(AIM OF THE TASK): Each line in the records below, from the one that contains "using ae_int by" to the one that contains "using fin inner", should be reproduced exactly, the first and last included.

● ● ● ●

(* Let $\nu\in\mathcal P_2(\mathbb R^d)$ and $\mathcal D\subset\mathcal P_2(\mathbb R^d)$. Consider the relaxed problem $$(\mathrm{R})\qquad \min_{\mu\in\mathcal D}\mathcal W_2^2(\mu,\nu)$$ and the self-consistent problem $$(\mathrm{S})\qquad \inf_{\mu\in\mathcal D}\ \inf_{\pi\in\mathcal M(\mu,\nu)}\int|x-y|^2\,d\pi(x,y).$$ Assume there exist a minimizer $\mu\in\mathcal D$ of $(\mathrm R)$ and an optimal coupling $\pi\in\Pi(\mu,\nu)$ for $\mathcal W_2^2(\mu,\nu)$ such that $(c_\pi)_\#\mu\in\mathcal D$. Then $(c_\pi)_\#\mu$ is optimal both for $(\mathrm R)$ and for $(\mathrm S)$ (in $(\mathrm S)$ together with the coupling $(\mathsf C_\pi)_\#\pi\in\mathcal M((c_\pi)_\#\mu,\nu)$), and the optimal values of $(\mathrm R)$ and $(\mathrm S)$ coincide.
   Context: $\mathcal P_2(\mathbb R^d)$ is the set of Borel probability measures on $\mathbb R^d$ with finite second moment. $\Pi(\mu,\nu)$ is the set of couplings of $\mu,\nu$ and $\mathcal W_2^2(\mu,\nu)=\inf_{\pi\in\Pi(\mu,\nu)}\int|x-y|^2d\pi$. $\mathcal M(\mu,\nu)$ is the set of martingale couplings: laws $\pi=\mathcal L(X,Y)$ with $X\sim\mu$, $Y\sim\nu$ and $\mathbb E_\pi[Y\mid X]=X$. For $\pi\in\Pi(\mu,\nu)$ with disintegration $\pi=\mu\otimes\pi_x$ (i.e. $\pi(A\times B)=\int_A\pi_x(B)\,d\mu(x)$), the $\pi$-conditional barycentric map is $c_\pi(x)=\int y\,d\pi_x(y)$ ($\mu$-a.e.), and $\mathsf C_\pi(x,y)=(c_\pi(x),y)$. *)

theory Defs
  imports "HOL-Probability.Probability"
begin

definition P2 :: "('a::euclidean_space) measure set" where
  "P2 = {\<mu>. prob_space \<mu> \<and> sets \<mu> = sets borel \<and>
             integrable \<mu> (\<lambda>x. (norm x)\<^sup>2)}"

definition couplings :: "('a::euclidean_space) measure \<Rightarrow> 'a measure \<Rightarrow> ('a \<times> 'a) measure set" where
  "couplings \<mu> \<nu> = {\<pi>. prob_space \<pi> \<and> sets \<pi> = sets (borel \<Otimes>\<^sub>M borel) \<and>
                         distr \<pi> borel fst = \<mu> \<and> distr \<pi> borel snd = \<nu>}"

definition cost :: "(('a::euclidean_space) \<times> 'a) measure \<Rightarrow> ennreal" where
  "cost \<pi> = (\<integral>\<^sup>+ p. ennreal ((norm (fst p - snd p))\<^sup>2) \<partial>\<pi>)"

definition W2sq :: "('a::euclidean_space) measure \<Rightarrow> 'a measure \<Rightarrow> ennreal" where
  "W2sq \<mu> \<nu> = (INF \<pi> \<in> couplings \<mu> \<nu>. cost \<pi>)"

text \<open>Martingale couplings: E[Y | X] = X, i.e. E[1_A(X) (Y - X)] = 0 for all Borel A.\<close>
definition mart_couplings :: "('a::euclidean_space) measure \<Rightarrow> 'a measure \<Rightarrow> ('a \<times> 'a) measure set" where
  "mart_couplings \<mu> \<nu> = {\<pi> \<in> couplings \<mu> \<nu>.
      integrable \<pi> snd \<and> integrable \<pi> fst \<and>
      (\<forall>A \<in> sets borel. (\<integral>p. indicator A (fst p) *\<^sub>R (snd p - fst p) \<partial>\<pi>) = 0)}"

definition disintegration ::
  "('a::euclidean_space) measure \<Rightarrow> ('a \<times> 'a) measure \<Rightarrow> ('a \<Rightarrow> 'a measure) \<Rightarrow> bool" where
  "disintegration \<mu> \<pi> K \<longleftrightarrow>
     (\<forall>x. prob_space (K x) \<and> sets (K x) = sets borel) \<and>
     (\<forall>B \<in> sets borel. (\<lambda>x. emeasure (K x) B) \<in> borel_measurable borel) \<and>
     (\<forall>A \<in> sets borel. \<forall>B \<in> sets borel.
        emeasure \<pi> (A \<times> B) = (\<integral>\<^sup>+ x. indicator A x * emeasure (K x) B \<partial>\<mu>))"

text \<open>Conditional barycentric map c_pi(x) = integral of y d pi_x(y), and C_pi(x,y) = (c_pi x, y).\<close>
definition bary :: "('a::euclidean_space \<Rightarrow> 'a measure) \<Rightarrow> 'a \<Rightarrow> 'a" where
  "bary K x = (\<integral>y. y \<partial>(K x))"

definition Cmap :: "('a::euclidean_space \<Rightarrow> 'a measure) \<Rightarrow> 'a \<times> 'a \<Rightarrow> 'a \<times> 'a" where
  "Cmap K p = (bary K (fst p), snd p)"

end

theory Submission
  imports Defs
begin

(* Write c for the barycentric map bary K. Disintegrating pi along mu, the cost of the image
   coupling (C_pi)_# pi is the double integral of |c x - y|^2 over K x and mu. Since the mean c x
   minimises y' |-> integral of |y' - y|^2 dK_x(y), this is at most cost pi = W2^2(mu, nu), which by
   minimality of mu lies below W2^2(mu', nu) for every mu' in D. Because c x is the mean of K x,
   (C_pi)_# pi is moreover a martingale coupling of c_# mu and nu. As martingale couplings are
   couplings, the value of (S) is at least that of (R), so the cost of (C_pi)_# pi is the optimal
   value of both problems. *)

lemma integral_bind_nonneg_real:
  fixes f :: "'b \<Rightarrow> real"
  assumes N[measurable]: "N \<in> M \<rightarrow>\<^sub>M subprob_algebra B" and M: "prob_space M"
    and f[measurable]: "f \<in> borel_measurable B" and nonneg: "\<And>x. 0 \<le> f x"
    and int: "integrable (M \<bind> N) f"
  shows "AE x in M. integrable (N x) f"
    and "integrable M (\<lambda>x. \<integral>y. f y \<partial>N x)"
    and "integral\<^sup>L (M \<bind> N) f = (\<integral>x. \<integral>y. f y \<partial>N x \<partial>M)"
proof -
  interpret prob_space M by fact
  have fin: "(\<integral>\<^sup>+x. \<integral>\<^sup>+y. ennreal (f y) \<partial>N x \<partial>M) < \<infinity>"
    using int nn_integral_bind[of "\<lambda>y. ennreal (f y)" B, OF _ N]
    by (simp add: integrable_iff_bounded nonneg)
  have "AE x in M. (\<integral>\<^sup>+y. ennreal (f y) \<partial>N x) \<noteq> \<infinity>"
    by (rule nn_integral_PInf_AE) (use fin in auto)
  with AE_space show ae_int: "AE x in M. integrable (N x) f"
  proof eventually_elim
    case (elim x)
    then have "sets (N x) = sets B" using sets_kernel[OF N] by simp
    then have "f \<in> borel_measurable (N x)" by (subst measurable_cong_sets) auto
    then show ?case
      using elim by (auto simp: integrable_iff_bounded nonneg less_top)
  qed
  have inner: "AE x in M. (\<integral>\<^sup>+y. ennreal (f y) \<partial>N x) = ennreal (\<integral>y. f y \<partial>N x)"
    using ae_int by eventually_elim (rule nn_integral_eq_integral, auto simp: nonneg)
  have outer_nonneg: "\<And>x. 0 \<le> (\<integral>y. f y \<partial>N x)" by (simp add: nonneg)
  have "(\<lambda>x. \<integral>y. f y \<partial>N x) \<in> borel_measurable M"
    by (rule measurable_compose[OF N integral_measurable_subprob_algebra[OF f]])
  moreover have "(\<integral>\<^sup>+x. ennreal (\<integral>y. f y \<partial>N x) \<partial>M) < \<infinity>"
    using fin inner by (simp add: nn_integral_cong_AE)
  ultimately show outer_int: "integrable M (\<lambda>x. \<integral>y. f y \<partial>N x)"
    by (simp add: integrable_iff_bounded outer_nonneg)
  have "ennreal (integral\<^sup>L (M \<bind> N) f) = (\<integral>\<^sup>+y. ennreal (f y) \<partial>(M \<bind> N))"
    by (rule nn_integral_eq_integral[symmetric]) (use int nonneg in auto)
  also have "\<dots> = (\<integral>\<^sup>+x. \<integral>\<^sup>+y. ennreal (f y) \<partial>N x \<partial>M)"
    by (rule nn_integral_bind[OF _ N]) simp
  also have "\<dots> = (\<integral>\<^sup>+x. ennreal (\<integral>y. f y \<partial>N x) \<partial>M)"
    using inner by (simp add: nn_integral_cong_AE)
  also have "\<dots> = ennreal (\<integral>x. \<integral>y. f y \<partial>N x \<partial>M)"
    by (rule nn_integral_eq_integral) (use outer_int outer_nonneg in auto)
  finally show "integral\<^sup>L (M \<bind> N) f = (\<integral>x. \<integral>y. f y \<partial>N x \<partial>M)"
    by (subst (asm) ennreal_inj) (auto simp: nonneg outer_nonneg intro!: integral_nonneg_AE)
qed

● ● ● ●

(SOLUTION BELOW):
    using ae_int by eventually_elim (rule nn_integral_eq_integral, auto simp: nonneg)
  have outer_nonneg: "\<And>x. 0 \<le> (\<integral>y. f y \<partial>N x)" by (simp add: nonneg)
  have "(\<lambda>x. \<integral>y. f y \<partial>N x) \<in> borel_measurable M"
    by (rule measurable_compose[OF N integral_measurable_subprob_algebra[OF f]])
  moreover have "(\<integral>\<^sup>+x. ennreal (\<integral>y. f y \<partial>N x) \<partial>M) < \<infinity>"
    using fin inner by (simp add: nn_integral_cong_AE)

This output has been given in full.